[Your assignment] Pull every line that includes the word "unfolding" out of the data below and copy it.

Entries taken from a collection:
(* Let $r\ge1$ and $G\subset\mathbb{Z}_2^r$ a subgroup with $1^r=(1,\dots,1)\in G$. Then: (1) if $\dim G=1$, then $G=\langle1^r\rangle$; (2) if $\dim G=r$, then $G=\mathbb{Z}_2^r$; (3) if $\dim G=2$, then $G$ is decomposable; (4) if $\dim G=r-1$ and $G$ is indecomposable, then $r$ is even and $G=G_r^{\rm even}$.
   Context: $\dim G$ is the dimension over $\mathbb{Z}_2$. For $I\subset\{1,\dots,r\}$ let $\mathbb{Z}_2^I$ be the codewords supported in $I$. $G$ is decomposable if there is a partition $\{1,\dots,r\}=I\sqcup J$ with $I,J$ nonempty and $G=(G\cap\mathbb{Z}_2^I)\oplus(G\cap\mathbb{Z}_2^J)$ (i.e. $G$ is an orthogonal direct sum $G_1\perp G_2$ of codes on complementary coordinate sets); indecomposable otherwise. For even $r$, $G_r^{\rm even}=\{g\in\mathbb{Z}_2^r: g \text{ has an even number of nonzero coordinates}\}$. *)

theory Defs
  imports "HOL-Analysis.Analysis" "HOL-Library.Z2"
begin

text \<open>Vectors of Z_2^r are modelled as bit ^ 'n with r = CARD('n); coordinates are indexed by 'n.\<close>

definition is_subgroup_Z2 :: "(bit ^ 'n) set \<Rightarrow> bool" where
  "is_subgroup_Z2 G \<longleftrightarrow> 0 \<in> G \<and> (\<forall>x\<in>G. \<forall>y\<in>G. x + y \<in> G) \<and> (\<forall>x\<in>G. - x \<in> G)"

definition dimZ2 :: "(bit ^ 'n) set \<Rightarrow> nat" where
  "dimZ2 G = vector_space.dim ((*s) :: bit \<Rightarrow> bit ^ 'n \<Rightarrow> bit ^ 'n) G"

definition supported_in :: "'n set \<Rightarrow> (bit ^ 'n) set" where
  "supported_in I = {v. \<forall>i. i \<notin> I \<longrightarrow> v $ i = 0}"

definition decomposable_Z2 :: "(bit ^ 'n) set \<Rightarrow> bool" where
  "decomposable_Z2 G \<longleftrightarrow> (\<exists>I J. I \<inter> J = {} \<and> I \<union> J = UNIV \<and> I \<noteq> {} \<and> J \<noteq> {} \<and>
      G = {x + y | x y. x \<in> G \<inter> supported_in I \<and> y \<in> G \<inter> supported_in J})"

definition ones_Z2 :: "bit ^ 'n" where
  "ones_Z2 = (\<chi> i. 1)"

definition G_even :: "(bit ^ 'n) set" where
  "G_even = {g. even (card {i. g $ i \<noteq> 0})}"

end

theory Submission
  imports Defs
begin

text \<open>A subgroup of \<open>\<int>\<^sub>2\<^sup>r\<close> is a \<open>\<int>\<^sub>2\<close>-subspace, so dimensions 1 and r pin it down, and in
  dimension 2 it is \<open>{0, 1\<^sup>r, g, 1\<^sup>r + g}\<close>, which splits along the support of g.
  A subgroup splits along a coordinate set I as soon as it is closed under restriction to I;
  hence an indecomposable G contains no unit vector \<open>e\<^sub>i\<close>. If G moreover has codimension 1,
  then \<open>G + e\<^sub>i\<close> is the whole space, so every \<open>e\<^sub>a + e\<^sub>b\<close> lies in G. By induction on the
  support, every vector then differs from an element of G by 0 or by a fixed \<open>e\<^sub>j\<close> according
  to the parity of its weight; thus G is the even-weight code, and \<open>1\<^sup>r \<in> G\<close> forces r to
  be even.\<close>

lemma bit_zero_or_one: "(c::bit) = 0 \<or> c = 1"
  by (cases "c = 0") simp_all

lemma UNIV_bit: "UNIV = {0, 1 :: bit}"
  using bit_zero_or_one by auto

lemma bit_vec_add_self [simp]: "(x::bit^'n) + x = 0"
  by (simp add: vec_eq_iff)

lemma bit_vec_diff_eq_add: "(x::bit^'n) - y = x + y"
  by (simp add: vec_eq_iff)

lemma bit_vec_add_eq_iff: "(x::bit^'n) + y = z \<longleftrightarrow> x = z + y"
  by (auto simp: add.assoc)

lemma ones_Z2_neq_0: "(ones_Z2 :: bit^'n) \<noteq> 0"
  by (simp add: ones_Z2_def vec_eq_iff)

lemma ones_Z2_in_G_even_iff: "(ones_Z2 :: bit^'n) \<in> G_even \<longleftrightarrow> even CARD('n)"
  by (simp add: ones_Z2_def G_even_def)

lemma subspace_if_is_subgroup_Z2:
  fixes G :: "(bit^'n) set"
  assumes "is_subgroup_Z2 G"
  shows "vec.subspace G"
proof -
  have "c *s x \<in> G" if "x \<in> G" for c x
    using bit_zero_or_one[of c] that assms unfolding is_subgroup_Z2_def by auto
  then show ?thesis
    using assms unfolding vec.subspace_def is_subgroup_Z2_def by auto
qed

lemma vec_span_singleton_Z2: "vec.span {v :: bit^'n} = {0, v}"
  by (simp add: vec.span_singleton UNIV_bit)

lemma vec_span_pair_Z2: "vec.span {u, v :: bit^'n} = {0, u, v, u + v}"
proof -
  have "x - k *s u \<in> {0, v} \<longleftrightarrow> x = k *s u \<or> x = k *s u + v" for x and k :: bit
    by (simp only: insert_iff empty_iff bit_vec_diff_eq_add bit_vec_add_eq_iff
        add_0_left add.commute[of v] simp_thms)
  then have "vec.span {u, v} = {x. \<exists>k::bit. x = k *s u \<or> x = k *s u + v}"
    unfolding vec.span_insert[of u "{v}"] vec_span_singleton_Z2 by simp
  also have "\<dots> = {0, u, v, u + v}"
    using bit_zero_or_one by auto (metis vector_smult_lid)+
  finally show ?thesis .
qed

lemma subspace_eq_UNIV_if_dim_eq_card:
  fixes G :: "('a::field^'n) set"
  assumes "vec.subspace G" and "vec.dim G = CARD('n)"
  shows "G = UNIV"
proof -
  have "vec.span G = UNIV"
    using assms(2) vec.dim_eq_full[of G] by (simp add: vec.dimension_def card_cart_basis)
  then show ?thesis
    using assms(1) by (metis vec.span_eq_iff)
qed

lemma subspace_eq_if_dim_1:
  fixes G :: "(bit^'n) set"
  assumes "vec.subspace G" and "v \<in> G" and "v \<noteq> 0" and "vec.dim G = 1"
  shows "G = {0, v}"
proof -
  have "vec.span {v} = vec.span G"
    using assms by (intro vec.dim_eq_span) auto
  also have "\<dots> = G"
    using assms(1) by simp
  finally show ?thesis
    by (simp add: vec_span_singleton_Z2)
qed

lemma subspace_dim_2_obtain:
  fixes G :: "(bit^'n) set"
  assumes "vec.subspace G" and "u \<in> G" and "u \<noteq> 0" and "vec.dim G = 2"
  obtains g where "g \<notin> {0, u}" and "G = {0, u, g, u + g}"
proof -
  obtain g where g: "g \<in> G" "g \<notin> vec.span {u}"
    using vec.dim_subset[of G "vec.span {u}"] assms by force
  then have "u \<notin> vec.span {g}" and "g \<noteq> 0"
    using assms(3) by (auto simp: vec_span_singleton_Z2)
  then have "vec.dim {u, g} = 2"
    by (simp add: vec.dim_insert)
  then have "vec.span {u, g} = vec.span G"
    using assms g by (intro vec.dim_eq_span) auto
  also have "\<dots> = G"
    using assms(1) by simp
  finally show ?thesis
    using that g by (simp add: vec_span_pair_Z2 vec_span_singleton_Z2)
qed

definition restrict_coords :: "'n set \<Rightarrow> ('a::zero)^'n \<Rightarrow> 'a^'n" where
  "restrict_coords I v = (\<chi> i. if i \<in> I then v $ i else 0)"

lemma restrict_coords_in_supported_in: "restrict_coords I v \<in> supported_in I"
  by (simp add: restrict_coords_def supported_in_def)

lemma restrict_coords_add:
  "restrict_coords I (v + w) = restrict_coords I v + restrict_coords I (w :: ('a::monoid_add)^'n)"
  by (simp add: restrict_coords_def vec_eq_iff)

lemma restrict_coords_add_compl:
  "restrict_coords I v + restrict_coords (- I) v = (v :: ('a::monoid_add)^'n)"
  by (simp add: restrict_coords_def vec_eq_iff)

lemma decomposable_Z2I:
  fixes G :: "(bit^'n) set"
  assumes "is_subgroup_Z2 G" and "I \<noteq> {}" and "I \<noteq> UNIV"
    and "\<And>v. v \<in> G \<Longrightarrow> restrict_coords I v \<in> G"
  shows "decomposable_Z2 G"
proof -
  have add: "x + y \<in> G" if "x \<in> G" and "y \<in> G" for x y
    using assms(1) that by (simp add: is_subgroup_Z2_def)
  have "G = {x + y | x y. x \<in> G \<inter> supported_in I \<and> y \<in> G \<inter> supported_in (- I)}"
  proof
    show "G \<subseteq> {x + y | x y. x \<in> G \<inter> supported_in I \<and> y \<in> G \<inter> supported_in (- I)}"
    proof
      fix v
      assume "v \<in> G"
      moreover have "restrict_coords (- I) v = v + restrict_coords I v"
        by (simp add: restrict_coords_def vec_eq_iff)
      ultimately have "restrict_coords I v \<in> G" and "restrict_coords (- I) v \<in> G"
        using assms(4) add by simp_all
      then show "v \<in> {x + y | x y. x \<in> G \<inter> supported_in I \<and> y \<in> G \<inter> supported_in (- I)}"
        using restrict_coords_add_compl[of I v, symmetric] restrict_coords_in_supported_in by blast
    qed
    show "{x + y | x y. x \<in> G \<inter> supported_in I \<and> y \<in> G \<inter> supported_in (- I)} \<subseteq> G"
      using add by blast
  qed
  then show ?thesis
    unfolding decomposable_Z2_def using assms(2,3) by (intro exI[of _ I] exI[of _ "- I"]) auto
qed

lemma decomposable_Z2_if_dim_2:
  fixes G :: "(bit^'n) set"
  assumes "is_subgroup_Z2 G" and "ones_Z2 \<in> G" and "dimZ2 G = 2"
  shows "decomposable_Z2 G"
proof -
  have "vec.dim G = 2"
    using assms(3) by (simp add: dimZ2_def)
  then obtain g where g: "g \<notin> {0, ones_Z2}" and G: "G = {0, ones_Z2, g, ones_Z2 + g}"
    by (rule subspace_dim_2_obtain[OF subspace_if_is_subgroup_Z2[OF assms(1)] assms(2) ones_Z2_neq_0])
  define I where "I = {i. g $ i \<noteq> 0}"
  have "restrict_coords I 0 = 0" "restrict_coords I ones_Z2 = g" "restrict_coords I g = g"
    by (auto simp: I_def restrict_coords_def ones_Z2_def vec_eq_iff)
  moreover from this have "restrict_coords I (ones_Z2 + g) = 0"
    by (simp add: restrict_coords_add)
  ultimately have "restrict_coords I v \<in> G" if "v \<in> G" for v
    using that by (auto simp: G)
  moreover have "I \<noteq> {}"
    using g by (auto simp: I_def vec_eq_iff)
  moreover have "I \<noteq> UNIV"
  proof
    assume "I = UNIV"
    then have "g = ones_Z2"
      by (auto simp: I_def ones_Z2_def vec_eq_iff)
    then show False
      using g by simp
  qed
  ultimately show ?thesis
    using decomposable_Z2I[OF assms(1)] by blast
qed

lemma axis_notin_if_not_decomposable_Z2:
  fixes G :: "(bit^'n) set"
  assumes "is_subgroup_Z2 G" and "\<not> decomposable_Z2 G" and "CARD('n) \<ge> 2"
  shows "axis i 1 \<notin> G"
proof
  assume "axis i 1 \<in> G"
  moreover have "restrict_coords {i} v = (v $ i) *s axis i 1" for v :: "bit^'n"
    by (simp add: restrict_coords_def axis_def vec_eq_iff)
  ultimately have "restrict_coords {i} v \<in> G" for v
    using vec.subspace_scale[OF subspace_if_is_subgroup_Z2[OF assms(1)]] by simp
  moreover have "{i} \<noteq> UNIV"
  proof
    assume "{i} = UNIV"
    then have "CARD('n) = card {i}"
      by simp
    then show False
      using assms(3) by simp
  qed
  ultimately have "decomposable_Z2 G"
    by (intro decomposable_Z2I[OF assms(1)]) auto
  then show False
    using assms(2) by contradiction
qed

lemma subspace_codim_1_mem_or_add_mem:
  fixes G :: "(bit^'n) set"
  assumes "vec.subspace G" and "vec.dim G = CARD('n) - 1" and "w \<notin> G"
  shows "v \<in> G \<or> v + w \<in> G"
proof -
  have "w \<notin> vec.span G"
    using assms(1,3) by (metis vec.span_eq_iff)
  then have "vec.dim (insert w G) = CARD('n)"
    using assms(2) by (simp add: vec.dim_insert)
  then have "vec.span (insert w G) = UNIV"
    using subspace_eq_UNIV_if_dim_eq_card[OF vec.subspace_span] vec.dim_span by metis
  then obtain k where "v - k *s w \<in> G"
    using assms(1) by (metis UNIV_I vec.span_breakdown_eq vec.span_eq_iff)
  then show ?thesis
    using bit_zero_or_one[of k] by (auto simp: bit_vec_diff_eq_add)
qed

lemma indicator_vec_plus_parity_mem:
  fixes G :: "(bit^'n) set"
  assumes "vec.subspace G" and "\<And>a b. axis a 1 + axis b 1 \<in> G"
  shows "(\<chi> i. of_bool (i \<in> S)) + (if even (card S) then 0 else axis j 1) \<in> G"
proof -
  have "finite S" by simp
  then show ?thesis
  proof (induction S rule: finite_induct)
    case empty
    have "(\<chi> i. of_bool (i \<in> {})) = (0 :: bit^'n)"
      by (simp add: vec_eq_iff)
    then show ?case
      using vec.subspace_0[OF assms(1)] by simp
  next
    case (insert a S)
    let ?c = "\<chi> i. of_bool (i \<in> S) :: bit^'n"
    have c: "(\<chi> i. of_bool (i \<in> insert a S)) = ?c + axis a 1"
      using insert.hyps(2) by (auto simp: vec_eq_iff axis_def)
    have card: "card (insert a S) = Suc (card S)"
      using insert.hyps by simp
    show ?case
    proof (cases "even (card S)")
      case True
      then have "?c \<in> G"
        using insert.IH by simp
      then have "?c + (axis a 1 + axis j 1) \<in> G"
        using vec.subspace_add[OF assms(1) _ assms(2)] by blast
      then show ?thesis
        unfolding c card using True by (simp add: add.assoc)
    next
      case False
      then have "?c + axis j 1 \<in> G"
        using insert.IH by simp
      then have "(?c + axis j 1) + (axis j 1 + axis a 1) \<in> G"
        using vec.subspace_add[OF assms(1) _ assms(2)] by blast
      moreover have "(?c + axis j 1) + (axis j 1 + axis a 1) = ?c + axis a 1"
        by (metis add.assoc bit_vec_add_self add.left_neutral)
      ultimately show ?thesis
        unfolding c card using False by simp
    qed
  qed
qed

lemma subspace_eq_G_even:
  fixes G :: "(bit^'n) set"
  assumes "vec.subspace G" and "vec.dim G = CARD('n) - 1" and "\<And>i. axis i 1 \<notin> G"
  shows "G = G_even"
proof -
  have pairs: "axis a 1 + axis b 1 \<in> G" for a b
    using subspace_codim_1_mem_or_add_mem[OF assms(1,2) assms(3)] assms(3) by blast
  fix j :: 'n
  have "v \<in> G \<longleftrightarrow> even (card {i. v $ i \<noteq> 0})" for v :: "bit^'n"
  proof -
    let ?S = "{i. v $ i \<noteq> 0}"
    have "(\<chi> i. of_bool (i \<in> ?S)) = v"
      by (simp add: vec_eq_iff)
    then have v: "v + (if even (card ?S) then 0 else axis j 1) \<in> G"
      using indicator_vec_plus_parity_mem[OF assms(1) pairs] by metis
    show ?thesis
    proof (cases "even (card ?S)")
      case True
      then show ?thesis
        using v by simp
    next
      case False
      have "v \<notin> G"
      proof
        assume "v \<in> G"
        moreover have "v + axis j 1 \<in> G"
          using v False by simp
        ultimately have "v + (v + axis j 1) \<in> G"
          by (rule vec.subspace_add[OF assms(1)])
        then show False
          using assms(3) by (metis add.assoc bit_vec_add_self add.left_neutral)
      qed
      then show ?thesis
        using False by simp
    qed
  qed
  then show ?thesis
    unfolding G_even_def by auto
qed

theorem mainTheorem17:
  fixes G :: "(bit ^ 'n) set"
  assumes "is_subgroup_Z2 G" and "ones_Z2 \<in> G"
  shows "(dimZ2 G = 1 \<longrightarrow> G = {0, ones_Z2})
       \<and> (dimZ2 G = CARD('n) \<longrightarrow> G = UNIV)
       \<and> (dimZ2 G = 2 \<longrightarrow> decomposable_Z2 G)
       \<and> (dimZ2 G = CARD('n) - 1 \<and> \<not> decomposable_Z2 G \<longrightarrow> even (CARD('n)) \<and> G = G_even)"
proof -
  have G: "vec.subspace G"
    using assms(1) by (rule subspace_if_is_subgroup_Z2)
  have dim: "dimZ2 G = vec.dim G"
    by (simp add: dimZ2_def)
  have "vec.dim G \<ge> 1"
    using vec.dim_subset[of "{ones_Z2}" G] assms(2) by (simp add: ones_Z2_neq_0)
  have G_eq_G_even: "G = G_even" if "dimZ2 G = CARD('n) - 1" and "\<not> decomposable_Z2 G"
  proof (rule subspace_eq_G_even[OF G])
    show "vec.dim G = CARD('n) - 1"
      using that(1) dim by simp
    then have "CARD('n) \<ge> 2"
      using \<open>vec.dim G \<ge> 1\<close> by linarith
    then show "axis i 1 \<notin> G" for i
      by (rule axis_notin_if_not_decomposable_Z2[OF assms(1) that(2)])
  qed
  show ?thesis
  proof (intro conjI impI)
    show "G = {0, ones_Z2}" if "dimZ2 G = 1"
      using subspace_eq_if_dim_1[OF G assms(2) ones_Z2_neq_0] that dim by simp
    show "G = UNIV" if "dimZ2 G = CARD('n)"
      using subspace_eq_UNIV_if_dim_eq_card[OF G] that dim by simp
    show "decomposable_Z2 G" if "dimZ2 G = 2"
      using decomposable_Z2_if_dim_2[OF assms that] .
    show "G = G_even" and "even CARD('n)" if "dimZ2 G = CARD('n) - 1 \<and> \<not> decomposable_Z2 G"
      using G_eq_G_even that assms(2) ones_Z2_in_G_even_iff by auto
  qed
qed

end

[Answer to this exercise]
    using bit_zero_or_one[of c] that assms unfolding is_subgroup_Z2_def by auto
    using assms unfolding vec.subspace_def is_subgroup_Z2_def by auto
    unfolding vec.span_insert[of u "{v}"] vec_span_singleton_Z2 by simp
    unfolding decomposable_Z2_def using assms(2,3) by (intro exI[of _ I] exI[of _ "- I"]) auto
        unfolding c card using True by (simp add: add.assoc)
        unfolding c card using False by simp
    unfolding G_even_def by auto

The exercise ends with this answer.